People accept second best. I did, for most of my life. I am starting to feel that I need to move past that now though, and move into whole bodily feeling and pleasure. 

So I wrote to Master. I told him that part, but not the part about the date. We'll just take that as it comes. I am a bit wary of dating somebody in the office, and MORE than a bit wary of my tendencies and patterns and emotional complications. (And yes, scared Master will nix it. I don't want 'dad' to take away my fun! But that's just a fear, MY fear, Master never does what I might expect or predict.) It's only a date, right? What's the big deal? I think that needs to be my mantra for the next while. KISS. Keep It Simple, Stupid.

Couldn't resist telling 3 of my gfs in the office.  Uh oh.  I dunno, I think I just had to confirm the reality of it.

It's an awesome moment, isn't it, when you first find out the person you'd like to fuck wants to fuck you, too? Delicious.. Like a giant rollercoaster when your stomach flips over, only it takes your pussy with it.  

Mars and Venus are conjunct very near my Uranus today. Interesting. (Gosh, that sounds somewhat rude!)

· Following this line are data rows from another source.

(* Let $\Omega \subset \mathbb{R}^2$ be open, bounded with $|\Omega| = 1$, and let $\Omega = \bigcup_{i=1}^N \Omega_i$ be a partition into pairwise disjoint measurable sets of positive measure. Define $\eta_0>0$ by $\pi\eta_0^2 = \min_{1\le i\le N}|\Omega_i|$. For each $i$ let $B_i$ be a disk with center $x_i$ and radius $r_i$ such that $|B_i| = |\Omega_i|$ and $|\Omega_i\triangle B_i| = |\Omega_i|\mathcal{A}(\Omega_i)$. Let $c_1 > 0$, $0 < c_2 \le \frac{1}{20}$, $d_1 \ge 0$, and assume $\sum_{i=1}^N \frac{|\Omega_i|}{|\Omega|}\mathcal{A}(\Omega_i) \le d_1$. Let $I = \{ i : |\Omega_i| \ge (1+c_1)\pi\eta_0^2\}$ and $$J = \{ i \notin I : \exists\, j \notin I,\ j \ne i,\ |x_i - x_j| \le (1-c_2)(r_i + r_j)\}.$$ Then $$\left|\bigcup_{i \in J} B_i\right| \le \frac{20\pi}{37}\,\frac{1+c_1}{c_2^{3/2}}\, d_1.$$
   Context: $|\cdot|$ is Lebesgue measure, $\triangle$ is symmetric difference. Fraenkel asymmetry: $\mathcal{A}(E) := \inf_B \frac{|E\triangle B|}{|E|}$ over disks $B$ with $|B| = |E|$ (the infimum is attained). *)

theory Defs
  imports "HOL-Analysis.Analysis"
begin

definition sym_diff :: "'a set \<Rightarrow> 'a set \<Rightarrow> 'a set" where
  "sym_diff E B = (E - B) \<union> (B - E)"

definition fraenkel_asymmetry :: "(real^2) set \<Rightarrow> real" where
  "fraenkel_asymmetry E =
     Inf {measure lebesgue (sym_diff E B) / measure lebesgue E | B.
            (\<exists>x r. B = ball x r) \<and> measure lebesgue B = measure lebesgue E}"

end

theory Submission
  imports Defs
begin

(* The disks B_i of the cells i in J have radius at least eta0, and every such disk
   overlaps the disk of a partner j (also not in I) a great deal: shrinking both to
   radius eta0 keeps the centres within 2(1-c2)eta0 of each other, and the lens of two
   eta0-disks at that distance contains a rotated rectangle of area
   (99/50) c2^(3/2) eta0^2.  On the other hand the part of B_i covered by B_j lies in
   (B_i - Omega_i) together with the part of Omega_i inside B_j - Omega_j; since the
   cells are disjoint, summing over i in J costs at most twice the total deficit
   sum_k |B_k - Omega_k|, which is exactly the weighted asymmetry sum <= d1.  Hence
   card J is controlled by d1, and each B_i (i in J) has area < (1+c1) pi eta0^2. *)

section \<open>An inscribed rectangle in a symmetric lens\<close>

definition centered_box :: "real \<Rightarrow> real \<Rightarrow> (real^2) set" where
  "centered_box \<alpha> \<beta> = cbox (vector [-\<alpha>, -\<beta>]) (vector [\<alpha>, \<beta>])"

lemma mem_centered_box: "z \<in> centered_box \<alpha> \<beta> \<longleftrightarrow> \<bar>z$1\<bar> \<le> \<alpha> \<and> \<bar>z$2\<bar> \<le> \<beta>"
  by (auto simp: centered_box_def mem_box_cart forall_2 abs_le_iff)

lemma measure_centered_box:
  assumes "0 \<le> \<alpha>" "0 \<le> \<beta>"
  shows "measure lebesgue (centered_box \<alpha> \<beta>) = (2*\<alpha>) * (2*\<beta>)"
proof -
  have "0 \<in> centered_box \<alpha> \<beta>"
    using assms by (simp add: mem_centered_box)
  then have "measure lborel (centered_box \<alpha> \<beta>) = (2*\<alpha>) * (2*\<beta>)"
    unfolding centered_box_def by (subst content_cbox_cart) (auto simp: prod_2 UNIV_2)
  then show ?thesis
    unfolding centered_box_def by (metis measure_completion sets_lborel borel_closed closed_cbox)
qed

lemma norm_sq_cart2: "norm (z::real^2) ^ 2 = (z$1)^2 + (z$2)^2"
  by (simp add: norm_eq_sqrt_inner inner_vec_def sum_2 power2_eq_square)

text \<open>The scalar estimate behind the lens bound: a point displaced by at most
  \<open>c\<rho>/2\<close> along the axis of two centres at distance \<open>e \<le> 2(1-c)\<rho>\<close> and by at most
  \<open>0.99\<surd>c\<rho>\<close> across it lies strictly inside both disks of radius \<open>\<rho>\<close>.\<close>
lemma lens_coordinate_inequality:
  fixes c \<rho> e s t :: real
  assumes "\<rho> > 0" "c > 0" "c \<le> 1/20" "0 \<le> e" "e \<le> 2*(1-c)*\<rho>"
    and "\<bar>s\<bar> \<le> c*\<rho>/2" "\<bar>t\<bar> \<le> 99/100 * sqrt c * \<rho>"
  shows "(e/2 + s)^2 + t^2 < \<rho>^2"
proof -
  have "\<bar>e/2 + s\<bar> \<le> (1 - c/2)*\<rho>"
    using assms by (auto simp: abs_le_iff algebra_simps)
  then have s_part: "(e/2 + s)^2 \<le> ((1 - c/2)*\<rho>)^2"
    by (metis abs_ge_zero power2_abs power_mono)
  have "t^2 \<le> (99/100 * sqrt c * \<rho>)^2"
    using assms(7) by (metis abs_ge_zero power2_abs power_mono)
  also have "\<dots> = (99/100)^2 * (sqrt c)^2 * \<rho>^2"
    by (simp only: power_mult_distrib)
  also have "\<dots> = 9801/10000 * c * \<rho>^2"
    using assms(2) by (simp add: power2_eq_square)
  finally have t_part: "t^2 \<le> 9801/10000 * c * \<rho>^2" .
  have "(1 - c/2)^2 + 9801/10000 * c < 1"
    using assms by (simp add: power2_eq_square algebra_simps)
  then have "((1 - c/2)^2 + 9801/10000 * c) * \<rho>^2 < \<rho>^2"
    using assms(1) by simp
  moreover have "((1 - c/2)*\<rho>)^2 + 9801/10000 * c * \<rho>^2 = ((1 - c/2)^2 + 9801/10000 * c) * \<rho>^2"
    by (simp add: power_mult_distrib distrib_right)
  ultimately show ?thesis
    using s_part t_part by linarith
qed

lemma box_offset_in_ball:
  fixes z :: "real^2"
  assumes "\<rho> > 0" "c > 0" "c \<le> 1/20" "0 \<le> e" "e \<le> 2*(1-c)*\<rho>"
    and "z \<in> centered_box (c*\<rho>/2) (99/100 * sqrt c * \<rho>)"
  shows "norm ((e/2) *\<^sub>R axis 1 1 + z) < \<rho>"
proof -
  have "norm ((e/2) *\<^sub>R axis 1 1 + z) ^ 2 = (e/2 + z$1)^2 + (z$2)^2"
    by (simp add: norm_sq_cart2 axis_def)
  also have "\<dots> < \<rho>^2"
    using assms by (intro lens_coordinate_inequality) (auto simp: mem_centered_box)
  finally show ?thesis
    using assms(1) by (simp add: power_less_imp_less_base)
qed

text \<open>Two disks of radius \<open>\<rho>\<close> whose centres are at most \<open>2(1-c)\<rho>\<close> apart meet in a
  set of area at least \<open>(99/50) c^(3/2) \<rho>^2\<close>: the lens contains the rectangle above,
  rotated onto the axis of the centres and moved to their midpoint.\<close>
lemma lens_measure_lower_bound:
  fixes p q :: "real^2"
  assumes \<rho>: "\<rho> > 0" and c: "0 < c" "c \<le> 1/20" and close: "dist p q \<le> 2*(1-c)*\<rho>"
  shows "99/50 * c powr (3/2) * \<rho>^2 \<le> measure lebesgue (ball p \<rho> \<inter> ball q \<rho>)"
proof -
  define e where "e = dist p q"
  obtain u :: "real^2" where u: "norm u = 1" "q = p + e *\<^sub>R u"
  proof (cases "p = q")
    case True
    then show ?thesis using that[of "axis 1 1"] by (simp add: e_def)
  next
    case False
    then show ?thesis
      using that[of "(1/e) *\<^sub>R (q - p)"] by (simp add: e_def dist_norm norm_minus_commute)
  qed
  obtain f :: "real^2 \<Rightarrow> real^2" where f: "orthogonal_transformation f" "f (axis 1 1) = u"
    using orthogonal_transformation_exists_1[of "axis 1 (1::real)" u] u(1) by auto
  have lin: "linear f"
    using f(1) orthogonal_transformation_linear by blast
  have f_norm: "norm (f v) = norm v" for v
    using f(1) orthogonal_transformation_norm by blast
  have f_half: "f ((e/2) *\<^sub>R axis 1 1) = (e/2) *\<^sub>R u"
    using lin f(2) by (simp add: linear_scale)
  define K where "K = centered_box (c*\<rho>/2) (99/100 * sqrt c * \<rho>)"
  define S where "S = (+) (p + (e/2) *\<^sub>R u) ` (f ` K)"
  have e: "0 \<le> e" "e \<le> 2*(1-c)*\<rho>"
    using close by (auto simp: e_def)
  have S_lens: "S \<subseteq> ball p \<rho> \<inter> ball q \<rho>"
  proof
    fix w assume "w \<in> S"
    then obtain z where z: "z \<in> K" "w = p + (e/2) *\<^sub>R u + f z"
      by (auto simp: S_def)
    have "-z \<in> K"
      using z(1) by (simp add: K_def mem_centered_box)
    have "w - p = f ((e/2) *\<^sub>R axis 1 1 + z)"
      using z(2) f_half by (simp add: linear_add[OF lin])
    then have "dist p w = norm ((e/2) *\<^sub>R axis 1 1 + z)"
      by (metis dist_commute dist_norm f_norm)
    then have "dist p w < \<rho>"
      using box_offset_in_ball[OF \<rho> c e] z(1) by (simp add: K_def)
    have "e *\<^sub>R u = (e/2) *\<^sub>R u + (e/2) *\<^sub>R u"
      by (simp add: scaleR_add_left[symmetric])
    then have "q - w = (e/2) *\<^sub>R u - f z"
      using z(2) u(2) by simp
    also have "\<dots> = f ((e/2) *\<^sub>R axis 1 1 + - z)"
      using f_half by (simp add: linear_diff[OF lin])
    finally have "dist q w < \<rho>"
      using box_offset_in_ball[OF \<rho> c e, of "-z"] \<open>-z \<in> K\<close> by (simp add: K_def dist_norm f_norm)
    with \<open>dist p w < \<rho>\<close> show "w \<in> ball p \<rho> \<inter> ball q \<rho>"
      by simp
  qed
  have K: "K \<in> lmeasurable"
    by (simp add: K_def centered_box_def)
  then have "f ` K \<in> lmeasurable"
    by (rule measurable_orthogonal_image[OF f(1)])
  then have "S \<in> lmeasurable"
    unfolding S_def by (rule measurable_translation)
  with S_lens have "measure lebesgue S \<le> measure lebesgue (ball p \<rho> \<inter> ball q \<rho>)"
    by (intro measure_mono_fmeasurable) (auto intro: fmeasurable_Int_fmeasurable)
  moreover have "measure lebesgue S = measure lebesgue K"
    using measure_orthogonal_image[OF f(1) K] by (simp add: S_def measure_translation)
  ultimately have "measure lebesgue K \<le> measure lebesgue (ball p \<rho> \<inter> ball q \<rho>)"
    by simp
  moreover have "c powr (3/2) = c * sqrt c"
  proof -
    have "c powr (3/2) = c powr (1 + 1/2)"
      by simp
    also have "\<dots> = c powr 1 * c powr (1/2)"
      by (rule powr_add)
    finally show ?thesis
      using c by (simp add: powr_half_sqrt)
  qed
  ultimately show ?thesis
    using \<rho> c by (simp add: K_def measure_centered_box power2_eq_square algebra_simps)
qed
(* Consider the two-species BGK system and its mild solutions as described in the context. If $(f_1,f_2)$ is a mild solution with $f_1,f_2\ge0$ and the initial data satisfy $$\gamma_k(x,t):=\int f_k^0(x-vt,v)\,dv\ge C_0>0$$ for all $t\ge0$ (and all $x$), $k=1,2$, with a constant $C_0>0$, then the densities satisfy, for all $t\ge0$, $x$, and $k\neq j\in\{1,2\}$, $$n_k(x,t)\ge C_0e^{-(\tilde\nu_{kk}+\tilde\nu_{kj})t}.$$
   Context: Fix $N\ge1$, masses $m_1,m_2>0$, $\varepsilon\in(0,1]$, $\alpha\in[0,1]$, $\delta$ with $\frac{\frac{m_1}{m_2}\varepsilon-1}{1+\frac{m_1}{m_2}\varepsilon}\le\delta\le 1$, and $\gamma$ with $0\le\gamma\le\frac{m_1}{N}(1-\delta)\big[(1+\frac{m_1}{m_2}\varepsilon)\delta+1-\frac{m_1}{m_2}\varepsilon\big]$, and constants $\tilde\nu_{11},\tilde\nu_{12},\tilde\nu_{21},\tilde\nu_{22}>0$. For $f_k(x,v,t)\ge0$ define $n_k=\int f_k\,dv$, $n_ku_k=\int vf_k\,dv$, $Nn_kT_k=\int m_k|v-u_k|^2f_k\,dv$, and $u_{12}=\delta u_1+(1-\delta)u_2$, $u_{21}=u_2-\frac{m_1}{m_2}\varepsilon(1-\delta)(u_2-u_1)$, $T_{12}=\alpha T_1+(1-\alpha)T_2+\gamma|u_1-u_2|^2$, $T_{21}=\big[\frac1N\varepsilon m_1(1-\delta)(\frac{m_1}{m_2}\varepsilon(\delta-1)+\delta+1)-\varepsilon\gamma\big]|u_1-u_2|^2+\varepsilon(1-\alpha)T_1+(1-\varepsilon(1-\alpha))T_2$. Maxwellians: $M_k=\frac{n_k}{(2\pi T_k/m_k)^{N/2}}e^{-\frac{|v-u_k|^2}{2T_k/m_k}}$, $M_{12}=\frac{n_1}{(2\pi T_{12}/m_1)^{N/2}}e^{-\frac{|v-u_{12}|^2}{2T_{12}/m_1}}$, $M_{21}=\frac{n_2}{(2\pi T_{21}/m_2)^{N/2}}e^{-\frac{|v-u_{21}|^2}{2T_{21}/m_2}}$. The system, with collision frequencies $\nu_{jk}n_k=\tilde\nu_{jk}\frac{n_k}{n_1+n_2}$, is $\partial_tf_1+v\cdot\nabla_xf_1=\nu_{11}n_1(M_1-f_1)+\nu_{12}n_2(M_{12}-f_1)$, $\partial_tf_2+v\cdot\nabla_xf_2=\nu_{22}n_2(M_2-f_2)+\nu_{21}n_1(M_{21}-f_2)$, $f_k(t=0)=f_k^0$. Mild solution: $(f_1,f_2)$ with $f_k\ge0$, $(1+|v|^2)f_k\in L^1$, such that for $k\neq j$, writing $\rho_k=\frac{n_k}{n_1+n_2}$ and $y_s=x+(s-t)v$, $f_k(x,v,t)=e^{-a_k(x,v,t)}f_k^0(x-tv,v)+e^{-a_k(x,v,t)}\int_0^t\big[\tilde\nu_{kk}\rho_k(y_s,s)M_k(y_s,v,s)+\tilde\nu_{kj}\rho_j(y_s,s)M_{kj}(y_s,v,s)\big]e^{a_k(y_s,v,s)}\,ds$, where $a_k(x,v,t)=\int_0^t\big[\tilde\nu_{kk}\rho_k(y_s,s)+\tilde\nu_{kj}\rho_j(y_s,s)\big]ds$. *)

theory Defs
  imports "HOL-Analysis.Analysis"
begin

text \<open>Distribution functions are written f x v t with x, v in real^'n (N = CARD('n)).\<close>

type_synonym 'n distr = "real^'n \<Rightarrow> real^'n \<Rightarrow> real \<Rightarrow> real"

definition ndens :: "'n::finite distr \<Rightarrow> real^'n \<Rightarrow> real \<Rightarrow> real" where
  "ndens f x t = (\<integral>v. f x v t \<partial>lborel)"

definition uvel :: "'n::finite distr \<Rightarrow> real^'n \<Rightarrow> real \<Rightarrow> real^'n" where
  "uvel f x t = inverse (ndens f x t) *\<^sub>R (\<integral>v. f x v t *\<^sub>R v \<partial>lborel)"

definition temp :: "real \<Rightarrow> 'n::finite distr \<Rightarrow> real^'n \<Rightarrow> real \<Rightarrow> real" where
  "temp m f x t = (\<integral>v. m * (norm (v - uvel f x t))\<^sup>2 * f x v t \<partial>lborel)
                  / (real CARD('n) * ndens f x t)"

definition Maxwell :: "real \<Rightarrow> real \<Rightarrow> real^'n::finite \<Rightarrow> real \<Rightarrow> real^'n \<Rightarrow> real" where
  "Maxwell m n u T v = n / (2 * pi * T / m) powr (real CARD('n) / 2)
                       * exp (- (norm (v - u))\<^sup>2 / (2 * T / m))"

definition u12 :: "real \<Rightarrow> real^'n::finite \<Rightarrow> real^'n \<Rightarrow> real^'n" where
  "u12 \<delta> u1 u2 = \<delta> *\<^sub>R u1 + (1 - \<delta>) *\<^sub>R u2"

definition u21 :: "real \<Rightarrow> real \<Rightarrow> real \<Rightarrow> real \<Rightarrow> real^'n::finite \<Rightarrow> real^'n \<Rightarrow> real^'n" where
  "u21 m1 m2 \<epsilon> \<delta> u1 u2 = u2 - (m1 / m2 * \<epsilon> * (1 - \<delta>)) *\<^sub>R (u2 - u1)"

definition T12 :: "real \<Rightarrow> real \<Rightarrow> real \<Rightarrow> real \<Rightarrow> real^'n::finite \<Rightarrow> real^'n \<Rightarrow> real" where
  "T12 \<alpha> \<gamma> T1 T2 u1 u2 = \<alpha> * T1 + (1 - \<alpha>) * T2 + \<gamma> * (norm (u1 - u2))\<^sup>2"

definition T21 :: "real \<Rightarrow> real \<Rightarrow> real \<Rightarrow> real \<Rightarrow> real \<Rightarrow> real \<Rightarrow> real \<Rightarrow> real
                   \<Rightarrow> real^'n::finite \<Rightarrow> real^'n \<Rightarrow> real" where
  "T21 m1 m2 \<epsilon> \<alpha> \<delta> \<gamma> T1 T2 u1 u2 =
     (1 / real CARD('n) * \<epsilon> * m1 * (1 - \<delta>) * (m1 / m2 * \<epsilon> * (\<delta> - 1) + \<delta> + 1) - \<epsilon> * \<gamma>)
       * (norm (u1 - u2))\<^sup>2
     + \<epsilon> * (1 - \<alpha>) * T1 + (1 - \<epsilon> * (1 - \<alpha>)) * T2"

definition rho :: "'n::finite distr \<Rightarrow> 'n distr \<Rightarrow> real^'n \<Rightarrow> real \<Rightarrow> real" where
  "rho f g x t = ndens f x t / (ndens f x t + ndens g x t)"

definition acoef :: "real \<Rightarrow> real \<Rightarrow> 'n::finite distr \<Rightarrow> 'n distr \<Rightarrow> real^'n \<Rightarrow> real^'n \<Rightarrow> real \<Rightarrow> real" where
  "acoef \<nu>kk \<nu>kj f g x v t =
     (LINT s:{0..t}|lborel. \<nu>kk * rho f g (x + (s - t) *\<^sub>R v) s + \<nu>kj * rho g f (x + (s - t) *\<^sub>R v) s)"

text \<open>Mild formulation for one species: f own distribution, g partner, f0 initial datum,
  Mk, Mkj the Maxwellians (as functions of x v t).\<close>
definition mild_eq :: "real \<Rightarrow> real \<Rightarrow> 'n::finite distr \<Rightarrow> 'n distr \<Rightarrow> (real^'n \<Rightarrow> real^'n \<Rightarrow> real)
                       \<Rightarrow> 'n distr \<Rightarrow> 'n distr \<Rightarrow> bool" where
  "mild_eq \<nu>kk \<nu>kj f g f0 Mk Mkj \<longleftrightarrow>
    (\<forall>x v t. t \<ge> 0 \<longrightarrow>
       f x v t = exp (- acoef \<nu>kk \<nu>kj f g x v t) * f0 (x - t *\<^sub>R v) v
         + exp (- acoef \<nu>kk \<nu>kj f g x v t) *
           (LINT s:{0..t}|lborel.
              (\<nu>kk * rho f g (x + (s - t) *\<^sub>R v) s * Mk (x + (s - t) *\<^sub>R v) v s
               + \<nu>kj * rho g f (x + (s - t) *\<^sub>R v) s * Mkj (x + (s - t) *\<^sub>R v) v s)
              * exp (acoef \<nu>kk \<nu>kj f g (x + (s - t) *\<^sub>R v) v s)))"

definition mild_solution ::
  "real \<Rightarrow> real \<Rightarrow> real \<Rightarrow> real \<Rightarrow> real \<Rightarrow> real \<Rightarrow> real \<Rightarrow> real \<Rightarrow> real \<Rightarrow> real \<Rightarrow>
   (real^'n::finite \<Rightarrow> real^'n \<Rightarrow> real) \<Rightarrow> (real^'n \<Rightarrow> real^'n \<Rightarrow> real) \<Rightarrow>
   'n distr \<Rightarrow> 'n distr \<Rightarrow> bool" where
  "mild_solution m1 m2 \<epsilon> \<alpha> \<delta> \<gamma> \<nu>11 \<nu>12 \<nu>21 \<nu>22 f10 f20 f1 f2 \<longleftrightarrow>
    (\<forall>x v t. t \<ge> 0 \<longrightarrow> f1 x v t \<ge> 0 \<and> f2 x v t \<ge> 0) \<and>
    (\<forall>x t. t \<ge> 0 \<longrightarrow> integrable lborel (\<lambda>v. (1 + (norm v)\<^sup>2) * f1 x v t)
                    \<and> integrable lborel (\<lambda>v. (1 + (norm v)\<^sup>2) * f2 x v t)) \<and>
    mild_eq \<nu>11 \<nu>12 f1 f2 f10
      (\<lambda>x v t. Maxwell m1 (ndens f1 x t) (uvel f1 x t) (temp m1 f1 x t) v)
      (\<lambda>x v t. Maxwell m1 (ndens f1 x t) (u12 \<delta> (uvel f1 x t) (uvel f2 x t))
                 (T12 \<alpha> \<gamma> (temp m1 f1 x t) (temp m2 f2 x t) (uvel f1 x t) (uvel f2 x t)) v) \<and>
    mild_eq \<nu>22 \<nu>21 f2 f1 f20
      (\<lambda>x v t. Maxwell m2 (ndens f2 x t) (uvel f2 x t) (temp m2 f2 x t) v)
      (\<lambda>x v t. Maxwell m2 (ndens f2 x t) (u21 m1 m2 \<epsilon> \<delta> (uvel f1 x t) (uvel f2 x t))
                 (T21 m1 m2 \<epsilon> \<alpha> \<delta> \<gamma> (temp m1 f1 x t) (temp m2 f2 x t) (uvel f1 x t) (uvel f2 x t)) v)"

end

theory Submission
  imports Defs
begin

text \<open>Along each characteristic the mild formulation writes f_k as the initial datum damped by
  e^{-a_k} plus a Duhamel gain term. The gain term is nonnegative, and since the density ratios
  rho lie in [0,1] the damping exponent satisfies a_k \<le> (\<nu>_kk + \<nu>_kj) t. Hence
  f_k(x,v,t) \<ge> e^{-(\<nu>_kk + \<nu>_kj) t} f_k^0(x - tv, v) pointwise, and integrating in v gives the
  bound.\<close>

lemma ndens_nonneg:
  assumes "\<And>v. f x v t \<ge> 0"
  shows "ndens f x t \<ge> 0"
  unfolding ndens_def using assms by (intro integral_nonneg_AE) auto

lemma rho_nonneg:
  assumes "ndens f x t \<ge> 0" "ndens g x t \<ge> 0"
  shows "rho f g x t \<ge> 0"
  using assms unfolding rho_def by simp

lemma rho_le_one:
  assumes "ndens f x t \<ge> 0" "ndens g x t \<ge> 0"
  shows "rho f g x t \<le> 1"
  using assms unfolding rho_def
  by (cases "ndens f x t + ndens g x t = 0") (auto simp: divide_simps)

lemma Maxwell_nonneg:
  assumes "n \<ge> 0"
  shows "Maxwell m n u T v \<ge> 0"
  unfolding Maxwell_def using assms by simp

lemma set_integral_nonneg:
  fixes h :: "real \<Rightarrow> real"
  assumes "\<And>s. s \<in> A \<Longrightarrow> 0 \<le> h s"
  shows "0 \<le> (LINT s:A|lborel. h s)"
  unfolding set_lebesgue_integral_def
  using assms by (intro integral_nonneg_AE AE_I2) (simp add: indicator_def)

Was idly wondering how coworker would deal with a little kink, too.. But I think I just have to get through the regular stuff first!
There's also the fear that I will freak him out. I am a strong woman, with a lot of energy, and sometimes guys feel that and it freaks them out, I have had that happen several times in the past. Look what happened with A!  He ran away as soon as things got out of his comfort zone. The first mention of some kink, and he was off like a shot! That really upset me.
I guess I just have to take that risk again.